American academic administrator

Thomas C. Galligan Jr. (born September 3, 1955) is an American lawyer, legal scholar, administrator and educator who was the Interim President of Louisiana State University. He served as the eighth president of Colby-Sawyer College and as dean and professor of law at the University of Tennessee College of Law in Knoxville, where he taught torts and admiralty.

Galligan grew up in Montclair, New Jersey with the dream of becoming a lawyer. He graduated from Montclair Kimberley Academy in 1973.

Prior to taking up administrative roles, Galligan taught at the Paul M. Hebert Law Center from 1986 until May 1998. There, he was named the Dr. Dale E. Bennett Professor of Law and was honored by the students as the Outstanding LSU Professor six times. He returned to LSU as the commencement speaker in 2006, while he was then president-elect at Colby-Sawyer College.

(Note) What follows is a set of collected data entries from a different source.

lemma component_eigenvalue_mult_weight:
  assumes V: "finite V" and W: "W \<subseteq> V" "W \<noteq> {}"
    and sV: "(\<Sum>v\<in>V. v) = 0" and sW: "(\<Sum>v\<in>W. v) = 0"
    and inv: "kernel_matrix_invertible (comp_kernel \<kappa>) (train_set V W)"
    and u: "u \<in> V"
  shows "component_eigenvalue \<kappa> V W u * component_weight \<kappa> V W u = u"
proof (cases "u = 0")
  case False
  define C where "C = (if u \<in> W then W else V - W)"
  have "(\<Sum>v\<in>C. v) = 0" "u \<in> C"
    using V W sV sW u by (auto simp: C_def sum_diff)
  then obtain u' where "u' \<in> C" "u' \<noteq> u"
    using False by (rule obtain_other_if_sum_eq_0)
  then have "component_eigenvalue \<kappa> V W u \<noteq> 0"
    using component_eigenvalue_nonzero[OF V W inv u] W(1) by (auto simp: C_def split: if_splits)
  then show ?thesis
    by (simp add: component_weight_def)
qed (simp add: component_weight_def)

lemma interpolant_coeffs_eq:
  assumes V: "finite V" and W: "W \<subseteq> V" "W \<noteq> {}"
    and sV: "(\<Sum>v\<in>V. v) = 0" and sW: "(\<Sum>v\<in>W. v) = 0"
    and inv: "kernel_matrix_invertible (comp_kernel \<kappa>) (train_set V W)"
    and interp: "\<forall>x\<in>train_set V W.
           (\<Sum>x'\<in>train_set V W. a x' * comp_kernel \<kappa> x x') = fst x + snd x"
    and y: "y \<in> train_set V W"
  shows "a y = component_weight \<kappa> V W (fst y) + component_weight \<kappa> V W (snd y)"
proof -
  let ?w = "component_weight \<kappa> V W"
  have "\<forall>x\<in>train_set V W. (\<Sum>x'\<in>train_set V W. a x' * comp_kernel \<kappa> x x')
      = (\<Sum>x'\<in>train_set V W. (?w (fst x') + ?w (snd x')) * comp_kernel \<kappa> x x')"
  proof
    fix x assume x: "x \<in> train_set V W"
    then have "fst x \<in> V" "snd x \<in> V"
      by (auto simp: train_set_def)
    then show "(\<Sum>x'\<in>train_set V W. a x' * comp_kernel \<kappa> x x')
      = (\<Sum>x'\<in>train_set V W. (?w (fst x') + ?w (snd x')) * comp_kernel \<kappa> x x')"
      using interp x additive_coeffs_train_row[OF V W(1) sum_component_weight_eq_0(2,1)[OF V W(1) sV sW],
          of "fst x" "snd x"]
        component_eigenvalue_mult_weight[OF V W sV sW inv]
      by simp
  qed
  then show ?thesis
    by (rule kernel_matrix_invertible_coeffs_eq[OF inv _ y])
qed

lemma salience_ratio_eq:
  assumes "\<kappa> 0 < \<kappa> 2"
  shows "p * salience_1_2 \<kappa> / (1 + (p - 2) * salience_1_2 \<kappa>)
       = (\<kappa> 1 - \<kappa> 0) * p / ((\<kappa> 1 - \<kappa> 0) * p + (\<kappa> 2 - 2 * \<kappa> 1 + \<kappa> 0))"
proof -
  have D: "\<kappa> 2 - \<kappa> 0 \<noteq> 0"
    using assms by simp
  have "1 + (p - 2) * salience_1_2 \<kappa>
      = ((\<kappa> 1 - \<kappa> 0) * p + (\<kappa> 2 - 2 * \<kappa> 1 + \<kappa> 0)) / (\<kappa> 2 - \<kappa> 0)"
    using D by (simp add: salience_1_2_def field_simps)
  moreover have "p * salience_1_2 \<kappa> = (\<kappa> 1 - \<kappa> 0) * p / (\<kappa> 2 - \<kappa> 0)"
    by (simp add: salience_1_2_def)
  ultimately show ?thesis
    using D by simp
qed

theorem proposition2:
  fixes V W :: "real set" and \<kappa> :: "nat \<Rightarrow> real" and a :: "real \<times> real \<Rightarrow> real"
    and v1 v2 :: real
  assumes "finite V" and "V \<noteq> {}" and "W \<subseteq> V" and "W \<noteq> {}"
    and "(\<Sum>v\<in>V. v) / real (card V) = 0"
    and "(\<Sum>v\<in>W. v) / real (card W) = 0"
    and "\<kappa> 2 > \<kappa> 0"
    and "kernel_matrix_invertible (comp_kernel \<kappa>) (train_set V W)"
    and "\<forall>x\<in>train_set V W.
           (\<Sum>x'\<in>train_set V W. a x' * comp_kernel \<kappa> x x') = fst x + snd x"
    and "v1 \<in> V - W" and "v2 \<in> V - W"
  shows "kernel_model (comp_kernel \<kappa>) (train_set V W) a (v1, v2)
         = (real (card W) * salience_1_2 \<kappa> / (1 + (real (card W) - 2) * salience_1_2 \<kappa>))
           * (v1 + v2)"
proof -
  let ?w = "component_weight \<kappa> V W" and ?A = "\<kappa> 1 - \<kappa> 0" and ?p = "real (card W)"
  let ?e = "?A * ?p + (\<kappa> 2 - 2 * \<kappa> 1 + \<kappa> 0)"
  have sV: "(\<Sum>v\<in>V. v) = 0"
    using assms(1,2,5) by simp
  have sW: "(\<Sum>v\<in>W. v) = 0"
    using assms(1,3,4,6) finite_subset by fastforce
  note sum_w = sum_component_weight_eq_0[OF assms(1,3) sV sW]
  have weight_test: "?w v = v / ?e" if "v \<in> V - W" for v
    using that by (simp add: component_weight_def component_eigenvalue_def train_partners_def)
  have "kernel_model (comp_kernel \<kappa>) (train_set V W) a (v1, v2)
      = (\<Sum>y\<in>train_set V W. (?w (fst y) + ?w (snd y)) * comp_kernel \<kappa> (v1, v2) y)"
    unfolding kernel_model_def
    using interpolant_coeffs_eq[OF assms(1,3,4) sV sW assms(8,9)] by (intro sum.cong) auto
  also have "\<dots> = ?A * ?p * (?w v1 + ?w v2)"
    using additive_coeffs_test_row[OF assms(1,3) sum_w(2,1) assms(10,11)] .
  also have "\<dots> = ?A * ?p / ?e * (v1 + v2)"
    using weight_test[OF assms(10)] weight_test[OF assms(11)] by (simp flip: add_divide_distrib)
  finally show ?thesis
    using salience_ratio_eq[OF assms(7), of ?p] by simp
qed

end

Galligan has published numerous books and articles on torts and admiralty. His scholarship has been cited in the proposed Restatement (Third) of Torts and by numerous legal scholars. Galligan's work has also been cited by the United States Supreme Court and other federal and state appellate and trial courts.

His co-authored scholarship with Professor Frank L. Maraist has been honored by the Louisiana Bar Journal and the Tulane Law Review. Recently, Galligan was honored with the University of Tennessee National Alumni Association Public Service Award for 2006 and the Knoxville Bar Association's Law and Liberty Award.

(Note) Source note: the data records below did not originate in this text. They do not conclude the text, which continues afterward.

lemma covering_grassmannian_code_if_direct_sum_code:
  assumes "direct_sum_code k \<alpha> C" "\<alpha> \<ge> 1"
  shows "covering_grassmannian_code k ((\<alpha> - 1) * k) \<alpha> C"
proof -
  have "k + (\<alpha> - 1) * k = k * \<alpha>"
    using assms(2) by (simp add: algebra_simps diff_mult_distrib)
  then show ?thesis
    using assms(1) unfolding covering_grassmannian_code_def direct_sum_code_def by auto
qed

lemma card_le_B_cov:
  fixes C :: "('a::{field,finite} ^ 'n::finite) set set"
  assumes "covering_grassmannian_code k \<delta> \<alpha> C"
  shows "card C \<le> B_cov TYPE('a) TYPE('n) k \<delta> \<alpha>"
  unfolding B_cov_def
proof (rule Max_ge)
  show "finite {card C |C :: ('a^'n) set set. covering_grassmannian_code k \<delta> \<alpha> C}"
    by (rule finite_subset[of _ "card ` UNIV"]) auto
qed (use assms in auto)

lemma exists_list_not_enters_span:
  fixes \<W> :: "('a::{field,finite} ^ 'n) set set"
  assumes "finite \<W>" "\<And>W. W \<in> \<W> \<Longrightarrow> vec.dim W \<le> d"
    and "card \<W> * (CARD('a) ^ d * (\<Sum>i<k. CARD('a) ^ i)) < CARD('a) ^ CARD('n)"
  obtains xs where "length xs = k" "\<And>W. W \<in> \<W> \<Longrightarrow> \<not> enters_span W xs"
proof -
  let ?Q = "CARD('a^'n)" and ?M = "CARD('a) ^ d * (\<Sum>i<k. CARD('a) ^ i)"
  define Bad where "Bad = (\<Union>W\<in>\<W>. {xs. length xs = k \<and> enters_span W xs})"
  have "card Bad * ?Q \<le> (\<Sum>W\<in>\<W>. card {xs. length xs = k \<and> enters_span W xs}) * ?Q"
    unfolding Bad_def by (intro mult_le_mono1 card_UN_le assms(1))
  also have "\<dots> \<le> (\<Sum>W\<in>\<W>. ?Q ^ k * ?M)"
    unfolding sum_distrib_right by (intro sum_mono card_enters_span_lists assms(2))
  also have "\<dots> = ?Q ^ k * (card \<W> * ?M)" by simp
  also have "\<dots> < ?Q ^ k * ?Q" using assms(3) by simp
  finally have "card Bad < card {xs :: ('a^'n) list. length xs = k}"
    by (simp add: card_lists_length_UNIV)
  moreover have "finite Bad"
    unfolding Bad_def by (rule finite_subset[OF _ finite_lists_length_UNIV[of k]]) auto
  ultimately have "\<not> {xs :: ('a^'n) list. length xs = k} \<subseteq> Bad"
    using card_mono leD by blast
  then show ?thesis using that unfolding Bad_def by blast
qed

His expertise in admiralty and international maritime law was widely sought after the Deepwater Horizon oil spill, including by the Associated Press, The Wall Street Journal, and The New York Times. Galligan also testified before the United States Senate's Committee on the Judiciary and the U.S. House of Representatives' Committee on the Judiciary, respectively.

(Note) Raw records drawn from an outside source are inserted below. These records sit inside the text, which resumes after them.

lemma eval_args3_tuple3 [simp]:
  "(\<lambda>i. eval f (tuple3 a b c) (args3 (Var p) (Var q) (Var r) i))
     = tuple3 (tuple3 a b c p) (tuple3 a b c q) (tuple3 a b c r)"
  by (auto simp: args3_def tuple3_def)

lemma eval_args4_tuple4 [simp]:
  "(\<lambda>i. eval f (tuple4 a b c d) (args4 (Var p) (Var q) (Var r) (Var s) i))
     = tuple4 (tuple4 a b c d p) (tuple4 a b c d q) (tuple4 a b c d r) (tuple4 a b c d s)"
  by (auto simp: args4_def tuple4_def)

lemma tuple3_in: "a \<in> S \<Longrightarrow> b \<in> S \<Longrightarrow> c \<in> S \<Longrightarrow> tuple3 a b c i \<in> S"
  by (simp add: tuple3_def)

lemma tuple4_in: "a \<in> S \<Longrightarrow> b \<in> S \<Longrightarrow> c \<in> S \<Longrightarrow> d \<in> S \<Longrightarrow> tuple4 a b c d i \<in> S"
  by (simp add: tuple4_def)

lemma tuple3_rel:
  "(a, a') \<in> \<theta> \<Longrightarrow> (b, b') \<in> \<theta> \<Longrightarrow> (c, c') \<in> \<theta> \<Longrightarrow> (tuple3 a b c i, tuple3 a' b' c' i) \<in> \<theta>"
  by (simp add: tuple3_def)

lemma tuple4_rel:
  "(a, a') \<in> \<theta> \<Longrightarrow> (b, b') \<in> \<theta> \<Longrightarrow> (c, c') \<in> \<theta> \<Longrightarrow> (d, d') \<in> \<theta> \<Longrightarrow>
    (tuple4 a b c d i, tuple4 a' b' c' d' i) \<in> \<theta>"
  by (simp add: tuple4_def)

fun zigzag :: "'a rel \<Rightarrow> 'a rel \<Rightarrow> nat \<Rightarrow> 'a rel" where
  "zigzag R S 0 = Id"
| "zigzag R S (Suc n) = zigzag R S n O (if even n then R else S)"

lemma zigzag_path:
  assumes "\<And>k. k < n \<Longrightarrow> (x k, x (Suc k)) \<in> (if even k then R else S)"
  shows "(x 0, x n) \<in> zigzag R S n"
  using assms
proof (induction n)
  case (Suc n)
  then have "(x 0, x n) \<in> zigzag R S n" "(x n, x (Suc n)) \<in> (if even n then R else S)"
    by simp_all
  then show ?case by auto
qed simp

text \<open>The common core of the Day-type arguments: the tuples \<open>\<rho>\<alpha>, \<rho>\<beta>, \<rho>\<gamma>\<close> turn the term identities
  into \<open>\<alpha>\<close>-, \<open>\<beta>\<close>- and \<open>\<gamma>\<close>-steps between consecutive values of the terms at \<open>\<rho>\<close>.\<close>
lemma eval_zigzag:
  assumes \<alpha>: "congruence A \<alpha>" and \<beta>: "congruence A \<beta>" and \<gamma>: "congruence A \<gamma>"
    and \<rho>\<alpha>: "\<And>i. (\<rho> i, \<rho>\<alpha> i) \<in> \<alpha>" and \<rho>\<beta>: "\<And>i. (\<rho> i, \<rho>\<beta> i) \<in> \<beta>"
    and \<rho>\<gamma>: "\<And>i. (\<rho> i, \<rho>\<gamma> i) \<in> \<gamma>"
    and const: "\<And>k. k \<le> n \<Longrightarrow> eval (snd A) \<rho>\<alpha> (w k) = p"
    and odd_eq: "\<And>k. k < n \<Longrightarrow> odd k \<Longrightarrow> eval (snd A) \<rho>\<beta> (w k) = eval (snd A) \<rho>\<beta> (w (Suc k))"
    and even_eq: "\<And>k. k < n \<Longrightarrow> even k \<Longrightarrow> eval (snd A) \<rho>\<gamma> (w k) = eval (snd A) \<rho>\<gamma> (w (Suc k))"
  shows "(eval (snd A) \<rho> (w 0), eval (snd A) \<rho> (w n)) \<in> zigzag (\<alpha> \<inter> \<gamma>) (\<alpha> \<inter> \<beta>) n"
proof (rule zigzag_path)
  fix k assume k: "k < n"
  have "eval (snd A) \<rho>\<alpha> (w k) = eval (snd A) \<rho>\<alpha> (w (Suc k))"
    using const k by simp
  then have "(eval (snd A) \<rho> (w k), eval (snd A) \<rho> (w (Suc k))) \<in> \<alpha>"
    using \<rho>\<alpha> by (rule congruence_eval_transfer[OF \<alpha>, rotated])
  moreover have "(eval (snd A) \<rho> (w k), eval (snd A) \<rho> (w (Suc k))) \<in> \<beta>" if "odd k"
    using \<rho>\<beta> odd_eq[OF k that] by (rule congruence_eval_transfer[OF \<beta>])
  moreover have "(eval (snd A) \<rho> (w k), eval (snd A) \<rho> (w (Suc k))) \<in> \<gamma>" if "even k"
    using \<rho>\<gamma> even_eq[OF k that] by (rule congruence_eval_transfer[OF \<gamma>])
  ultimately show "(eval (snd A) \<rho> (w k), eval (snd A) \<rho> (w (Suc k)))
      \<in> (if even k then \<alpha> \<inter> \<gamma> else \<alpha> \<inter> \<beta>)"
    by simp
qed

Galligan has a passion for long-distance running and baseball statistics. He has four children, one a graduate of Bates College and two graduates of Dartmouth College, and his daughter Jennifer who graduated Pitzer College.

Galligan has run over twenty marathons, one of which he completed with his daughter, Sarah. His daughter, Jennifer, currently sits as the Senior Development and Marketing Manager of Junior Achievement of Middle Tennessee.